We next explored the effect of multiple base mismatches on SpCas9 target activity. For four targets within the EMX1 gene, we designed sets of guide RNAs that contained varying combinations of mismatches to investigate the effect of mismatch number, position and spacing on SpCas9 target cleavage activity (Fig. 3a, b, and Supplementary Table 6). In general, we observed that the total number of mismatched base-pairs is a key determinant for SpCas9 cleavage efficiency. Two mismatches, particularly those occurring in a PAM-proximal region, considerably reduced SpCas9 activity whether these mismatches are concatenated or interspaced (Fig. 3a, b); this effect is further magnified for three concatenated mismatches (Fig. 3a).

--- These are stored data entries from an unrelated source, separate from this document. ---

(* Let $\alpha$ be a countable ordinal and $S$ a sierpinskisation of $\alpha$ and $\omega$. Then $[\omega]^{<\omega}$ is not embeddable (as a poset) in $I_{<\omega}(S)$.
   Context: A sierpinskisation of a countable order type $\alpha$ and $\omega$ is a poset $(S,\le)$ whose order is the intersection of two linear orders on $S$, one of type $\alpha$ and one of type $\omega$. $I_{<\omega}(S)$ is the set of finitely generated initial segments of $S$ ordered by inclusion. $[\omega]^{<\omega}$ is the set of finite subsets of $\mathbb{N}$ ordered by inclusion. *)

theory Defs
  imports Main "HOL-Library.Countable_Set"
begin

(* Ordinals are represented as well-order relations; order type equality is ordIso.
   A sierpinskisation of alpha and omega: a poset (S, P) where P is the intersection
   of two linear orders on S, one isomorphic to alpha and one isomorphic to omega (natLeq).
   (A linear order isomorphic to a well-order is itself a well-order.) *)
definition sierpinskisation :: "'b rel \<Rightarrow> 'a set \<Rightarrow> 'a rel \<Rightarrow> bool" where
  "sierpinskisation \<alpha> S P \<longleftrightarrow>
     (\<exists>r1 r2. Well_order r1 \<and> Field r1 = S \<and> (r1, \<alpha>) \<in> ordIso \<and>
              Well_order r2 \<and> Field r2 = S \<and> (r2, natLeq) \<in> ordIso \<and>
              P = r1 \<inter> r2)"

definition down_closure :: "'a rel \<Rightarrow> 'a set \<Rightarrow> 'a set" where
  "down_closure P F = {x. \<exists>y\<in>F. (x, y) \<in> P}"

definition fin_gen_initial_segments :: "'a set \<Rightarrow> 'a rel \<Rightarrow> 'a set set" where
  "fin_gen_initial_segments S P = {down_closure P F | F. finite F \<and> F \<subseteq> S}"

end

theory Submission
  imports Defs
begin

text \<open>A sierpinskisation of a well order and \<open>\<omega>\<close> has no infinite antichain: the
\<open>r\<^sub>1\<close>-least element \<open>x\<close> of an infinite set is \<open>r\<^sub>2\<close>-above only finitely many of its
elements, so it lies below some other element in both orders. On the other hand an
embedding \<open>f\<close> of \<open>[\<omega>]\<^sup><\<^sup>\<omega>\<close> into \<open>I\<^sub><\<^sub>\<omega>(S)\<close> yields one: every \<open>f {n}\<close> has a generator lying
in no \<open>f {m}\<close> with \<open>m \<noteq> n\<close>, since otherwise \<open>f {n}\<close> would be contained in \<open>f B\<close> for a
finite set \<open>B\<close> not containing \<open>n\<close>; distinct such generators are incomparable.\<close>

lemma finite_lower_set_if_ordIso_natLeq:
  assumes "(r, natLeq) \<in> ordIso"
  shows "finite {y. (y, x) \<in> r}"
proof (cases "x \<in> Field r")
  case True
  obtain h where "iso r natLeq h" using assms unfolding ordIso_def by auto
  then have bij: "bij_betw h (Field r) (Field natLeq)"
    and ord: "\<forall>a \<in> Field r. \<forall>b \<in> Field r. (a, b) \<in> r \<longleftrightarrow> (h a, h b) \<in> natLeq"
    unfolding iso_iff2 by auto
  have lower_in_Field: "{y. (y, x) \<in> r} \<subseteq> Field r" by (auto simp: Field_def)
  have "h ` {y. (y, x) \<in> r} \<subseteq> {..h x}"
    using ord True lower_in_Field by (auto simp: natLeq_def)
  moreover have "inj_on h {y. (y, x) \<in> r}"
    using bij lower_in_Field by (meson bij_betw_def inj_on_subset)
  ultimately show ?thesis by (meson finite_atMost finite_imageD finite_subset)
next
  case False
  then have "{y. (y, x) \<in> r} = {}" by (auto simp: Field_def)
  then show ?thesis by simp
qed

lemma wo_inter_finite_lower_sets_no_infinite_antichain:
  assumes wo1: "wo_rel r1" and wo2: "wo_rel r2"
    and Field_r1: "Field r1 = Field r2"
    and fin: "\<And>x. finite {y. (y, x) \<in> r2}"
    and A: "infinite A" "A \<subseteq> Field r1"
  shows "\<exists>x\<in>A. \<exists>y\<in>A. x \<noteq> y \<and> (x, y) \<in> r1 \<inter> r2"
proof -
  define x where "x = wo_rel.minim r1 A"
  have A_ne: "A \<noteq> {}" using A(1) by auto
  have x_in: "x \<in> A" unfolding x_def using wo_rel.minim_in[OF wo1 A(2) A_ne] .
  have x_least: "\<And>y. y \<in> A \<Longrightarrow> (x, y) \<in> r1"
    unfolding x_def using wo_rel.minim_least[OF wo1 A(2)] by blast
  have "infinite (A - insert x {y. (y, x) \<in> r2})"
    using Diff_infinite_finite[OF finite.insertI[OF fin] A(1)] .
  then obtain y where y: "y \<in> A" "y \<noteq> x" "(y, x) \<notin> r2"
    using infinite_imp_nonempty by blast
  have "x \<in> Field r2" "y \<in> Field r2" using x_in y(1) A(2) Field_r1 by auto
  then have "(x, y) \<in> r2"
    using wo_rel.TOTALS[OF wo2] y(3) by blast
  moreover have "(x, y) \<in> r1" by (rule x_least[OF y(1)])
  ultimately show ?thesis using x_in y(1,2) by (metis IntI)
qed

lemma sierpinskisation_no_infinite_antichain:
  assumes "sierpinskisation \<alpha> S P" "infinite A" "A \<subseteq> S"
  shows "\<exists>x\<in>A. \<exists>y\<in>A. x \<noteq> y \<and> (x, y) \<in> P"
proof -
  obtain r1 r2 where wo: "Well_order r1" "Well_order r2" and Field: "Field r1 = S" "Field r2 = S"
    and iso: "(r2, natLeq) \<in> ordIso" and P: "P = r1 \<inter> r2"
    using assms(1) unfolding sierpinskisation_def by blast
  show ?thesis
    unfolding P
  proof (rule wo_inter_finite_lower_sets_no_infinite_antichain)
    show "wo_rel r1" "wo_rel r2" using wo by (simp_all add: wo_rel_def)
  qed (use Field assms(2,3) finite_lower_set_if_ordIso_natLeq[OF iso] in auto)
qed

lemma sierpinskisation_preorder:
  assumes "sierpinskisation \<alpha> S P"
  shows "refl_on S P" "trans P"
proof -
  obtain r1 r2 where wo: "wo_rel r1" "wo_rel r2" and Field: "Field r1 = S" "Field r2 = S"
    and P: "P = r1 \<inter> r2"
    using assms unfolding sierpinskisation_def wo_rel_def by blast
  have "refl_on S r1" "refl_on S r2"
    using wo_rel.REFL[OF wo(1)] wo_rel.REFL[OF wo(2)] Field by simp_all
  then show "refl_on S P" unfolding P refl_on_def by blast
  show "trans P" unfolding P using wo_rel.TRANS wo by (blast intro: trans_Int)
qed

lemma down_closure_subset_down_closure:
  assumes "trans P" "F \<subseteq> down_closure P G"
  shows "down_closure P F \<subseteq> down_closure P G"
  using assms unfolding down_closure_def by (blast dest: transD)

lemma embedding_into_fin_gen_initial_segments_antichain:
  fixes f :: "nat set \<Rightarrow> 'a set"
  assumes trans: "trans P"
    and into: "\<And>A. finite A \<Longrightarrow> f A \<in> fin_gen_initial_segments S P"
    and emb: "\<And>A B. finite A \<Longrightarrow> finite B \<Longrightarrow> A \<subseteq> B \<longleftrightarrow> f A \<subseteq> f B"
  shows "\<exists>g :: nat \<Rightarrow> 'a. (\<forall>n. g n \<in> S) \<and> (\<forall>n m. n \<noteq> m \<longrightarrow> (g n, g m) \<notin> P)"
proof -
  have "\<forall>n. \<exists>F. f {n} = down_closure P F \<and> finite F \<and> F \<subseteq> S"
    using into unfolding fin_gen_initial_segments_def by blast
  then obtain F where F: "\<And>n. f {n} = down_closure P (F n)" "\<And>n. finite (F n)" "\<And>n. F n \<subseteq> S"
    by metis
  have "\<exists>y\<in>F n. \<forall>m. m \<noteq> n \<longrightarrow> y \<notin> f {m}" for n
  proof (rule ccontr)
    assume "\<not> ?thesis"
    then obtain other where other: "\<And>y. y \<in> F n \<Longrightarrow> other y \<noteq> n \<and> y \<in> f {other y}"
      by metis
    define B where "B = other ` F n"
    have finB: "finite B" using F(2) B_def by simp
    obtain G where G: "f B = down_closure P G"
      using into[OF finB] unfolding fin_gen_initial_segments_def by blast
    have "y \<in> f B" if y: "y \<in> F n" for y
    proof -
      have "f {other y} \<subseteq> f B" using emb[of "{other y}" B] finB y B_def by simp
      moreover have "y \<in> f {other y}" using other[OF y] by simp
      ultimately show ?thesis by (rule subsetD)
    qed
    then have "F n \<subseteq> down_closure P G" unfolding G by blast
    then have "f {n} \<subseteq> f B"
      unfolding F(1) G by (rule down_closure_subset_down_closure[OF trans])
    then have "{n} \<subseteq> B" using emb[of "{n}" B] finB by blast
    then show False using other B_def by auto
  qed
  then obtain g where g: "\<And>n. g n \<in> F n" "\<And>n m. m \<noteq> n \<Longrightarrow> g n \<notin> f {m}"
    by metis
  have gS: "g n \<in> S" for n using g(1) F(3) by blast
  have gP: "(g n, g m) \<notin> P" if "n \<noteq> m" for n m
  proof
    assume "(g n, g m) \<in> P"
    then have "g n \<in> f {m}" unfolding F(1) down_closure_def using g(1) by blast
    then show False using g(2) that by simp
  qed
  show ?thesis by (intro exI[of _ g] conjI allI impI gS gP)
qed

theorem lemma2p2:
  fixes \<alpha> :: "'b rel" and S :: "'a set" and P :: "'a rel"
  assumes "Well_order \<alpha>" and "countable (Field \<alpha>)"
    and "sierpinskisation \<alpha> S P"
  shows "\<not> (\<exists>f :: nat set \<Rightarrow> 'a set.
             (\<forall>A. finite A \<longrightarrow> f A \<in> fin_gen_initial_segments S P) \<and>
             (\<forall>A B. finite A \<longrightarrow> finite B \<longrightarrow> (A \<subseteq> B \<longleftrightarrow> f A \<subseteq> f B)))"
proof
  assume "\<exists>f :: nat set \<Rightarrow> 'a set.
             (\<forall>A. finite A \<longrightarrow> f A \<in> fin_gen_initial_segments S P) \<and>
             (\<forall>A B. finite A \<longrightarrow> finite B \<longrightarrow> (A \<subseteq> B \<longleftrightarrow> f A \<subseteq> f B))"
  then obtain f :: "nat set \<Rightarrow> 'a set" where
    into: "\<And>A. finite A \<Longrightarrow> f A \<in> fin_gen_initial_segments S P"
    and emb: "\<And>A B. finite A \<Longrightarrow> finite B \<Longrightarrow> A \<subseteq> B \<longleftrightarrow> f A \<subseteq> f B"
    by blast
  obtain g :: "nat \<Rightarrow> 'a" where g: "\<forall>n. g n \<in> S" "\<forall>n m. n \<noteq> m \<longrightarrow> (g n, g m) \<notin> P"
    using embedding_into_fin_gen_initial_segments_antichain[OF sierpinskisation_preorder(2)[OF assms(3)] into emb]
    by auto
  have "inj g"
    using g sierpinskisation_preorder(1)[OF assms(3)] by (metis injI refl_onD)
  then have "infinite (range g)" by (rule range_inj_infinite)
  moreover have "range g \<subseteq> S" using g(1) by auto
  ultimately obtain x y where "x \<in> range g" "y \<in> range g" "x \<noteq> y" "(x, y) \<in> P"
    using sierpinskisation_no_infinite_antichain[OF assms(3)] by meson
  then show False using g(2) by (metis imageE)
qed

end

Furthermore, three or more interspaced (Fig. 3c) and five concatenated (Fig. 3a) mismatches eliminated detectable SpCas9 cleavage in the vast majority of loci.

Figure 3
Multiple mismatch specificity of SpCas9. (ac) SpCas9 cleavage efficiency with guide RNAs containing consecutive mismatches of 2, 3 or 5 bases (a), or multiple mismatches separated by different numbers of unmutated bases for EMX1 targets 1, 2, ...

The position of mismatches within the guide sequence also affected the activity of SpCas9. PAM-proximal mismatches are less tolerated than PAM-distal counterparts (Fig. 3a), recapitulating our observations from the single base-pair mismatch data (Fig. 2c). This effect is particularly salient in guide sequences bearing a small number of total mismatches, whether those are consecutive (Fig. 3a) or interspaced (Fig. 3b). Additionally, guide sequences with mismatches spaced four or more bases apart also mediated SpCas9 cleavage in some cases (Fig. 3c). Thus, together with the identity of mismatched base-pairing, we observed that many off-target cleavage effects can be explained by a combination of mismatch number and position.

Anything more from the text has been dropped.